[Extracted records]
lemma divisor_sum_avoiding_covered_set_nonzero:
  assumes "finite S" "x > 0" "generates_double_chain S x"
  shows "divisor_sum_avoiding x (covered_set S x) \<noteq> 0"
proof -
  let ?C = "covered_set S x"
  have "finite ?C" using assms(1) unfolding covered_set_def by simp
  consider "card ?C = 0" | "card ?C = 1" | "card ?C \<ge> 2" by linarith
  thus ?thesis
  proof cases
    case 1
    hence "?C = {}" using \<open>finite ?C\<close> by simp
    thus ?thesis using assms(2) by (simp add: divisor_sum_avoiding_empty)
  next
    case 2
    then obtain c where C: "?C = {c}" by (rule card_1_singletonE)
    hence "c dvd x" "c \<noteq> x" using covered_set_dvd by blast+
    hence "c < x" "c > 0"
      using dvd_imp_le [OF \<open>c dvd x\<close> assms(2)] dvd_pos_nat [OF assms(2) \<open>c dvd x\<close>] by simp_all
    moreover have "gcd x c = c" using \<open>c dvd x\<close> by (simp add: gcd_nat.absorb2)
    ultimately show ?thesis
      using C divisor_sum_avoiding_singleton [OF assms(2)] by (simp add: frac_less2)
  next
    case 3
    have "\<forall>c\<in>?C. c dvd x \<and> c \<noteq> x" "\<forall>c\<in>?C. \<forall>d\<in>?C. c dvd d \<longrightarrow> c = d"
      using covered_set_dvd covered_set_antichain by blast+
    from divisor_sum_avoiding_pos [OF \<open>finite ?C\<close> assms(2) this
        no_dvd_antichain3_gcd_pairs_covered_set [OF assms(3)] 3]
    show ?thesis by simp
  qed
qed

#### [Assignment]
Check each line above for the word "close", then give only the number of lines that have it.

#### [Worked solution]
4